Weight

Tonight as you lay tucked in with your Hedgie and your heavy blankie, close by your brother, I feel the weight.

I feel it often.

I feel it when I think back to your perfect face that I caressed almost six years ago in the hospital. So bright eyed, so much unknown.

When those years ago as a brand new mother, I cried in sleep deprivation while longing to feel myself again.

I feel the weight when I relive the start of your life, digging for clues on when things started to change.

Was it me?

Did I not hold you enough?

I was so so tired and afraid, is that what I did wrong?

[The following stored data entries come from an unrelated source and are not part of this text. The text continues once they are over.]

theorem lemma7p3:
  fixes d h :: nat and l :: "nat list"
  assumes "d \<ge> 3" and "h \<ge> 1"
    and "l \<in> tree_vertices d h" and "length l = h"
  shows "G_order d h (basis_vec l) dvd
           (d - 1) ^ h * Lcm ({d * theta d (h + 1)} \<union> theta d ` {2..h})"
proof -
  define L where "L = Lcm ({d * theta d (h + 1)} \<union> theta d ` {2..h})"
  have "d * theta d (Suc h) dvd L"
    unfolding L_def by (simp add: dvd_Lcm)
  then have "d * (d - 1) ^ h * theta d (Suc h) dvd (d - 1) ^ h * L"
    by (metis mult.commute mult.left_commute mult_dvd_mono dvd_refl)
  moreover have "theta d (Suc m) * theta d m dvd (d - 1) ^ h * L" if "1 \<le> m" "m \<le> h" for m
    using theta_Suc_mult_theta_dvd_Lcm[OF assms(1) that] unfolding L_def by (rule dvd_mult)
  ultimately have "(\<lambda>v. int ((d - 1) ^ h * L) * basis_vec l v) \<in> tree_lattice d h"
    using smult_basis_vec_leaf_in_tree_lattice assms by blast
  moreover have "L \<noteq> 0"
    unfolding L_def by (rule Lcm_theta_nonzero[OF assms(1)])
  then have "(d - 1) ^ h * L > 0"
    using assms(1) by simp
  ultimately show ?thesis
    unfolding L_def by (rule G_order_dvd[rotated])
qed

end
lemma measure_dev_event_le:
  fixes N :: nat and a b T \<delta> :: real and \<phi> :: "nat \<Rightarrow> real"
  defines "z0 \<equiv> nat \<lfloor>ln (real N) / \<phi> N\<rfloor>"
  assumes a: "0 < a" and phi: "0 < \<phi> N" "\<phi> N \<le> 1" and L: "2 \<le> ln (real N)"
    and close: "\<bar>ln (real z0) / ln (real N) - b\<bar> + ln 4 / ln (real N) \<le> \<delta>" and b: "0 \<le> b"
  shows "measure noise (dev_event a b T \<delta> \<phi> N)
     \<le> 4 * (2 + a * \<phi> N) / (a * \<phi> N * real z0) + 1 / ln (real N)"
proof -
  define r where "r = a * \<phi> N"
  have r: "0 < r" using a phi by (simp add: r_def)
  have "0 < ln (real N) / (2 * \<phi> N)" using phi L by simp
  then have "0 < real z0"
    using floor_quotient_bounds(1)[OF phi L] unfolding z0_def by linarith
  then have z0: "0 < z0" by simp
  have "0 < ln (real N)" using L by simp
  define A1 where "A1 = {\<omega> \<in> space noise. \<exists>n. ennreal (real z0^2 / 4)
      \<le> ennreal (bd_lyapunov (real z0) r (real (jchain r z0 \<omega> n), jtime r z0 \<omega> n))}"
  define A2 where "A2 = {\<omega> \<in> space noise. \<exists>n. ennreal (ln (real N))
      \<le> exp_sum_lyapunov (driven_chain exp_sum_step (0, 0, 0) \<omega> n)}"
  have A1: "A1 \<in> sets noise" "measure noise A1 \<le> 4 * (2 + r) / (r * real z0)"
    unfolding A1_def by (rule bd_lyapunov_exceeds[OF r z0])+
  have A2: "A2 \<in> sets noise" "measure noise A2 \<le> 1 / ln (real N)"
    unfolding A2_def by (rule exp_sum_lyapunov_exceeds[OF \<open>0 < ln (real N)\<close>])+
  interpret prob_space noise by (rule prob_space_noise)
  have "measure noise (dev_event a b T \<delta> \<phi> N) \<le> measure noise (A1 \<union> A2)"
    using dev_event_subset_exceeds[where \<phi> = \<phi> and N = N and T = T,
        OF a phi(1) L z0[unfolded z0_def] close[unfolded z0_def] b] A1(1) A2(1)
    unfolding A1_def A2_def z0_def r_def by (intro finite_measure_mono) auto
  also have "\<dots> \<le> measure noise A1 + measure noise A2"
    using A1(1) A2(1) by (rule measure_Un_le)
  also have "\<dots> \<le> 4 * (2 + r) / (r * real z0) + 1 / ln (real N)"
    using A1(2) A2(2) by (rule add_mono)
  finally show ?thesis by (simp add: r_def mult.assoc)
qed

I feel this weight in my chest as I overanalyze every detail. I feel it as I meticulously pull apart memories of my own imperfection.

When I would sit your one year old body in the pack n play, nursery rhymes flashing on the tv, so that I could take a shower.

Or the food battles that I should have given in too.

Even the first month of your life when I battled with post partum depression and should have sought out more help than I did.

When I threw in the towel and stopped breastfeeding, long before six months.

But then something funny happens.

As my mind convinces me of all my faults as a mother, I remember the bits buried in the fog.

I feel the peace of the brand new mother singing A Child’s Prayer to her baby every night before laying him down.

The nightly bath times with giggles and bath crayons staining my tub.

I hear the hum of your stuffed whale toy and its ocean sounds, played on repeat through the night to soothe your newborn body. I still sway to that sound.

The pride on my face as I realized that my toddler could read. You wouldn’t talk, but boy could you read.

I remember the look on your face, so focused, when you would arrange your array of foam bath letters, hour after hour.

The joy I felt as you learned to talk, completely on your own timetable.

The memories pile in and melt the weight.

Sweet boy, I know tomorrow I’ll make mistakes.

Maybe I’ll yell or wish for bedtime too soon.

We’re growing together, it’s okay.

There is so so much weight in our journey. But son, there is so much light. There is joy and love, pure light.